ECLI:NL:TADRARL:2017:74 Raad van Discipline Arnhem-Leeuwarden 16-534

ECLI: ECLI:NL:TADRARL:2017:74
Datum uitspraak: 10-04-2017
Datum publicatie: 29-05-2017
Zaaknummer(s): 16-534
Onderwerp:
  • Wat een behoorlijk advocaat betaamt t.o. de wederpartij, subonderwerp: Vrijheid van handelen
  • Wat een behoorlijk advocaat betaamt t.o. de wederpartij, subonderwerp: Jegens wederpartij in acht te nemen zorg
Beslissingen:
Inhoudsindicatie: Verzet tegen voorzittersbeslissing ongegrond verklaard. Klaagster heeft de raad verzocht kennis te nemen van een geluidsopname van een gesprek waarbij verweerder aanwezig was.
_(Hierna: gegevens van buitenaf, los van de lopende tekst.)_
lemma weight_term_le_inverse_square:
  assumes "0 < \<epsilon>" "\<epsilon> \<le> 1" "1 < n" "0 \<le> m" "1 \<le> w" "real w \<le> \<Lambda> * m / log 2 (real n)"
    and "12 * ln (real n) \<le> m * \<epsilon>"
    and "T * (1 + ln (real n) + ln \<epsilon>) \<le> m * \<epsilon> / 8" "16 * ln (real n) \<le> m"
    and "0 \<le> \<rho>" "1 + ln (real n) + ln \<epsilon> \<le> \<rho> * ln (real n)"
    and "2 * ln (real n) \<le> m * (ln 2 - exp (- T) - \<Lambda> * ln 2 * \<rho>)"
  shows "weight_term n m \<epsilon> w \<le> 1 / real n ^ 2"
proof -
  consider "\<epsilon> * real w \<le> 1" | "1 \<le> \<epsilon> * real w" "\<epsilon> * real w \<le> T" | "1 \<le> \<epsilon> * real w" "T \<le> \<epsilon> * real w"
    by linarith
  hence "weight_term n m \<epsilon> w \<le> exp (- 2 * ln (real n))"
  proof cases
    case 1
    show ?thesis
      by (rule weight_term_le_small_weight[OF assms(1) 1 assms(5) less_imp_le[OF assms(3)] assms(4,7)])
  next
    case 2
    show ?thesis
      by (rule weight_term_le_medium_weight[OF assms(1,2) 2 less_imp_le[OF assms(3)] assms(4,8,9)])
  next
    case 3
    show ?thesis
      by (rule weight_term_le_large_weight[OF assms(1,2) 3 assms(3,4,6,10-12)])
  qed
  also have "exp (- 2 * ln (real n)) = 1 / real n ^ 2"
  proof -
    have "2 * ln (real n) = ln (real n ^ 2)"
      using assms(3) by (simp add: ln_realpow)
    thus ?thesis
      using assms(3) by (simp add: exp_minus divide_inverse)
  qed
  finally show ?thesis .
qed

lemma weight_terms_eventually_le_inverse_square:
  fixes \<alpha> \<beta> k lam :: real
  assumes "0 < \<alpha>" "0 < \<beta>" "\<beta> < 1" "0 < k" "lam * (1 - \<beta>) < 1"
  shows "\<forall>\<^sub>F n in sequentially. \<forall>w. 1 \<le> w \<and> real w \<le> lam * (\<alpha> * real n powr \<beta>) / log 2 (real n) \<longrightarrow>
           w \<le> n \<and> weight_term n (\<alpha> * real n powr \<beta>)
             (2 * k * (log 2 (\<alpha> * real n powr \<beta>))^2 / (\<alpha> * real n powr \<beta>)) w \<le> 1 / real n ^ 2"
proof -
  \<comment> \<open>enlarging lam keeps \<open>\<Lambda> (1 - \<beta>) < 1\<close> and makes \<open>\<Lambda>\<close> positive\<close>
  define \<Lambda> where "\<Lambda> = max lam (1 / (2 * (1 - \<beta>)))"
  have "0 < \<Lambda>"
    using assms by (simp add: \<Lambda>_def less_max_iff_disj)
  have "\<Lambda> * (1 - \<beta>) < 1"
    using assms by (auto simp: \<Lambda>_def max_def field_simps)
  define g where "g = ln 2 * (1 - \<Lambda> * (1 - \<beta>))"
  define T where "T = ln (3 / g)"
  define \<eta> where "\<eta> = g / (3 * \<Lambda> * ln 2)"
  have "0 < g" "0 < \<eta>"
    using \<open>0 < \<Lambda>\<close> \<open>\<Lambda> * (1 - \<beta>) < 1\<close> by (auto simp: g_def \<eta>_def)
  have gap: "ln 2 - exp (- T) - \<Lambda> * ln 2 * (1 - \<beta> + \<eta>) = g / 3"
    using \<open>0 < g\<close> \<open>0 < \<Lambda>\<close> by (simp add: T_def \<eta>_def g_def exp_minus field_simps)
  define M where "M n = \<alpha> * real n powr \<beta>" for n :: nat
  define E where "E n = 2 * k * (log 2 (M n))^2 / M n" for n
  note params = assms(1-4) \<open>0 < g\<close> \<open>0 < \<eta>\<close> \<open>0 < \<Lambda>\<close>
  have "\<forall>\<^sub>F n in sequentially. 1 < n"
    by (rule eventually_gt_at_top)
  moreover have "\<forall>\<^sub>F n in sequentially. 0 < E n \<and> E n \<le> 1"
    unfolding E_def M_def using params by (intro eventually_conj) real_asymp+
  moreover have "\<forall>\<^sub>F n in sequentially. 12 * ln (real n) \<le> M n * E n"
    unfolding E_def M_def using params by real_asymp
  moreover have "\<forall>\<^sub>F n in sequentially. T * (1 + ln (real n) + ln (E n)) \<le> M n * E n / 8"
    unfolding E_def M_def using params by real_asymp
  moreover have "\<forall>\<^sub>F n in sequentially. 16 * ln (real n) \<le> M n"
    unfolding M_def using params by real_asymp
  moreover have "\<forall>\<^sub>F n in sequentially. 1 + ln (real n) + ln (E n) \<le> (1 - \<beta> + \<eta>) * ln (real n)"
    unfolding E_def M_def using params by real_asymp
  moreover have "\<forall>\<^sub>F n in sequentially. 2 * ln (real n) \<le> M n * (g / 3)"
    unfolding M_def using params by real_asymp
  moreover have "\<forall>\<^sub>F n in sequentially. \<Lambda> * M n / log 2 (real n) \<le> real n"
    unfolding M_def using params by real_asymp
  ultimately show ?thesis
    unfolding M_def[symmetric] E_def[symmetric]
  proof eventually_elim
    case (elim n)
    have "0 < M n"
      using assms elim(1) by (simp add: M_def)
    have margin: "2 * ln (real n) \<le> M n * (ln 2 - exp (- T) - \<Lambda> * ln 2 * (1 - \<beta> + \<eta>))"
      unfolding gap using elim(7) by simp
    show ?case
    proof (intro allI impI conjI)
      fix w assume w: "1 \<le> w \<and> real w \<le> lam * M n / log 2 (real n)"
      have "lam * M n / log 2 (real n) \<le> \<Lambda> * M n / log 2 (real n)"
        using \<open>0 < M n\<close> elim(1) by (intro divide_right_mono mult_right_mono) (auto simp: \<Lambda>_def)
      hence w_le: "real w \<le> \<Lambda> * M n / log 2 (real n)"
        using w by linarith
      thus "w \<le> n"
        using elim(8) by linarith
      show "weight_term n (M n) (E n) w \<le> 1 / real n ^ 2"
        by (rule weight_term_le_inverse_square[OF _ _ elim(1) _ _ w_le elim(3-5) _ elim(6) margin])
          (use elim(2) w \<open>0 < M n\<close> \<open>0 < \<eta>\<close> \<open>\<beta> < 1\<close> in auto)
    qed
  qed
qed

lemma sum_le_inverse_if_le_inverse_square:
  fixes f :: "nat \<Rightarrow> real"
  assumes "A \<subseteq> {1..n}" "\<And>w. w \<in> A \<Longrightarrow> f w \<le> 1 / real n ^ 2"
  shows "sum f A \<le> 1 / real n"
proof -
  have "finite A"
    using assms(1) finite_subset by blast
  hence "sum f A \<le> real (card A) * (1 / real n ^ 2)"
    using sum_bounded_above[of A f "1 / real n ^ 2"] assms(2) by simp
  also have "\<dots> \<le> real n * (1 / real n ^ 2)"
    using card_mono[OF _ assms(1)] by (intro mult_right_mono) auto
  also have "\<dots> = 1 / real n"
    by (simp add: power2_eq_square)
  finally show ?thesis .
qed

theorem lemma11:
  fixes \<alpha> \<beta> \<delta> lam k :: real
  assumes "0 < \<alpha>" "\<alpha> < 1" "0 < \<beta>" "\<beta> < 1" "0 < \<delta>" "\<delta> < 1"
    and "lam < log 2 (1 + \<delta>) / (1 - \<beta>)"
    and "0 < k"
  shows "((\<lambda>n::nat. let m = \<alpha> * real n powr \<beta> in
            (\<Sum>w\<in>{w::nat. 1 \<le> w \<and> real w \<le> lam * m / log 2 (real n)}.
               real (n choose w) * (1 / 2 powr m)
               * (1 + (1 - 2 * k * (log 2 m)^2 / m) ^ w) powr m))
          \<longlonglongrightarrow> 0)"
  (is "?f \<longlonglongrightarrow> 0")
proof (rule tendsto_sandwich[OF _ _ tendsto_const lim_1_over_n])
  have "lam * (1 - \<beta>) < log 2 (1 + \<delta>)"
    using assms by (simp add: less_divide_eq)
  also have "\<dots> < 1"
    using assms by simp
  finally have "lam * (1 - \<beta>) < 1" .
  from weight_terms_eventually_le_inverse_square[OF assms(1,3,4,8) this]
  show "\<forall>\<^sub>F n in sequentially. ?f n \<le> 1 / real n"
    by eventually_elim (auto simp: Let_def weight_term_def intro!: sum_le_inverse_if_le_inverse_square)
  show "\<forall>\<^sub>F n in sequentially. 0 \<le> ?f n"
    unfolding Let_def by (intro always_eventually allI sum_nonneg) auto
qed

end
(* Let $k\ge1$ be the cache size and let $G$ be any access graph containing a path with $k+1$ vertices. If $k$ is odd, then \[\mathcal{I}^{G}[\mathrm{FWF},\mathrm{FIFO}]=\left[0,\ 1-\frac1k\right],\] and if $k$ is even, then \[\left[0,\ \frac{k^2-k-1}{k^2}\right]\subseteq \mathcal{I}^{G}[\mathrm{FWF},\mathrm{FIFO}]\subseteq\left[0,\ \frac{k-1}{k}\right].\]
   Context: Paging: a cache holds at most $k$ pages and is initially empty. A request to a page in the cache is a hit; otherwise it is a fault, the page is brought into the cache, evicting a page first if the cache is full. $\mathcal{A}(I)$ is the number of faults of $\mathcal{A}$ on request sequence $I$. FIFO evicts the cached page that entered the cache earliest. FWF (flush-when-full): on a fault with a full cache, it empties the cache and then brings in the requested page. Access graph: a graph $G$ whose vertices are the pages; a request sequence respects $G$ if any two consecutive requests are identical or adjacent in $G$; $L(G)$ is the set of such sequences. Relative interval: $\mathrm{Min}_{\mathcal{A},\mathcal{B}}(n,G)=\min\{\mathcal{A}(I)-\mathcal{B}(I): I\in L(G),|I|=n\}$, $\mathrm{Max}_{\mathcal{A},\mathcal{B}}(n,G)$ analogously with max; $\mathrm{Min}^G(\mathcal{A},\mathcal{B})=\liminf_{n\to\infty}\mathrm{Min}_{\mathcal{A},\mathcal{B}}(n,G)/n$, $\mathrm{Max}^G(\mathcal{A},\mathcal{B})=\limsup_{n\to\infty}\mathrm{Max}_{\mathcal{A},\mathcal{B}}(n,G)/n$, and $\mathcal{I}^G[\mathcal{A},\mathcal{B}]=[\mathrm{Min}^G(\mathcal{A},\mathcal{B}),\mathrm{Max}^G(\mathcal{A},\mathcal{B})]$. *)

theory Defs
  imports "HOL-Library.Extended_Real" "HOL-Library.Liminf_Limsup"
begin

text \<open>FIFO: the cache is a queue (list, oldest page first). Returns the number of faults
  when serving the request sequence starting from the given cache contents.\<close>
fun fifo_faults :: "nat \<Rightarrow> 'a list \<Rightarrow> 'a list \<Rightarrow> nat" where
  "fifo_faults k q [] = 0"
| "fifo_faults k q (r # rs) =
     (if r \<in> set q then fifo_faults k q rs
      else Suc (fifo_faults k (if length q < k then q @ [r] else tl q @ [r]) rs))"

definition FIFO :: "nat \<Rightarrow> 'a list \<Rightarrow> nat" where
  "FIFO k I = fifo_faults k [] I"

fun fwf_faults :: "nat \<Rightarrow> 'a set \<Rightarrow> 'a list \<Rightarrow> nat" where
  "fwf_faults k C [] = 0"
| "fwf_faults k C (r # rs) =
     (if r \<in> C then fwf_faults k C rs
      else Suc (fwf_faults k (if card C < k then insert r C else {r}) rs))"

definition FWF :: "nat \<Rightarrow> 'a list \<Rightarrow> nat" where
  "FWF k I = fwf_faults k {} I"

definition access_graph :: "'a set \<Rightarrow> ('a \<Rightarrow> 'a \<Rightarrow> bool) \<Rightarrow> bool" where
  "access_graph V E \<longleftrightarrow> finite V \<and> (\<forall>x y. E x y \<longrightarrow> x \<in> V \<and> y \<in> V)
     \<and> (\<forall>x y. E x y \<longrightarrow> E y x) \<and> (\<forall>x. \<not> E x x)"

definition respects_graph :: "'a set \<Rightarrow> ('a \<Rightarrow> 'a \<Rightarrow> bool) \<Rightarrow> 'a list \<Rightarrow> bool" where
  "respects_graph V E I \<longleftrightarrow> set I \<subseteq> V \<and>
     (\<forall>i. Suc i < length I \<longrightarrow> I ! i = I ! Suc i \<or> E (I ! i) (I ! Suc i))"

definition has_path :: "'a set \<Rightarrow> ('a \<Rightarrow> 'a \<Rightarrow> bool) \<Rightarrow> nat \<Rightarrow> bool" where
  "has_path V E m \<longleftrightarrow> (\<exists>p. length p = m \<and> distinct p \<and> set p \<subseteq> V \<and>
     (\<forall>i. Suc i < length p \<longrightarrow> E (p ! i) (p ! Suc i)))"

definition diffs :: "('a list \<Rightarrow> nat) \<Rightarrow> ('a list \<Rightarrow> nat) \<Rightarrow> nat \<Rightarrow>
    'a set \<Rightarrow> ('a \<Rightarrow> 'a \<Rightarrow> bool) \<Rightarrow> real set" where
  "diffs A B n V E = {real (A I) - real (B I) | I. respects_graph V E I \<and> length I = n}"

definition MinAB :: "('a list \<Rightarrow> nat) \<Rightarrow> ('a list \<Rightarrow> nat) \<Rightarrow> nat \<Rightarrow>
    'a set \<Rightarrow> ('a \<Rightarrow> 'a \<Rightarrow> bool) \<Rightarrow> real" where
  "MinAB A B n V E = Min (diffs A B n V E)"

definition MaxAB :: "('a list \<Rightarrow> nat) \<Rightarrow> ('a list \<Rightarrow> nat) \<Rightarrow> nat \<Rightarrow>
    'a set \<Rightarrow> ('a \<Rightarrow> 'a \<Rightarrow> bool) \<Rightarrow> real" where
  "MaxAB A B n V E = Max (diffs A B n V E)"

definition MinG :: "('a list \<Rightarrow> nat) \<Rightarrow> ('a list \<Rightarrow> nat) \<Rightarrow>
    'a set \<Rightarrow> ('a \<Rightarrow> 'a \<Rightarrow> bool) \<Rightarrow> ereal" where
  "MinG A B V E = liminf (\<lambda>n. ereal (MinAB A B n V E / real n))"

definition MaxG :: "('a list \<Rightarrow> nat) \<Rightarrow> ('a list \<Rightarrow> nat) \<Rightarrow>
    'a set \<Rightarrow> ('a \<Rightarrow> 'a \<Rightarrow> bool) \<Rightarrow> ereal" where
  "MaxG A B V E = limsup (\<lambda>n. ereal (MaxAB A B n V E / real n))"

definition rel_interval :: "('a list \<Rightarrow> nat) \<Rightarrow> ('a list \<Rightarrow> nat) \<Rightarrow>
    'a set \<Rightarrow> ('a \<Rightarrow> 'a \<Rightarrow> bool) \<Rightarrow> ereal set" where
  "rel_interval A B V E = {MinG A B V E .. MaxG A B V E}"

end

theory Submission
  imports Defs
begin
Naar het oordeel van de raad is het niet nodig daarvan kennis te nemen nu door  klaagster niet adequaat is toegelicht in welke zin dat voor de beoordeling van belang zou zijn. Nu het verzet van klaagster tegen de beslissing van de voorzitter ook overigens geen nieuwe gezichtspunten oplevert is er geen plaats voor verder onderzoek naar de klacht en moet het verzet ongegrond worden verklaard.

Beslissing van de raad van discipline in het ressort Arnhem-Leeuwarden

van 10 april 2017

in de zaak 16-534

naar aanleiding van het verzet tegen de beslissing van de plaatsvervangend voorzitter van de raad van discipline van 29 augustus 2016 op de klacht van:

stichting X

gevestigd te A,

klaagster

tegen

mr. Y,

advocaat te B

verweerder

1.    VERLOOP VAN DE PROCEDURE

1.1    Bij brief van 13 mei 2015 (met bijlagen verzonden per e-mail van 1 oktober 2015) heeft klaagster, hierna: de stichting, zich bij de deken van de Orde van Advocaten in het arrondissement Noord-Nederland beklaagd over verweerder.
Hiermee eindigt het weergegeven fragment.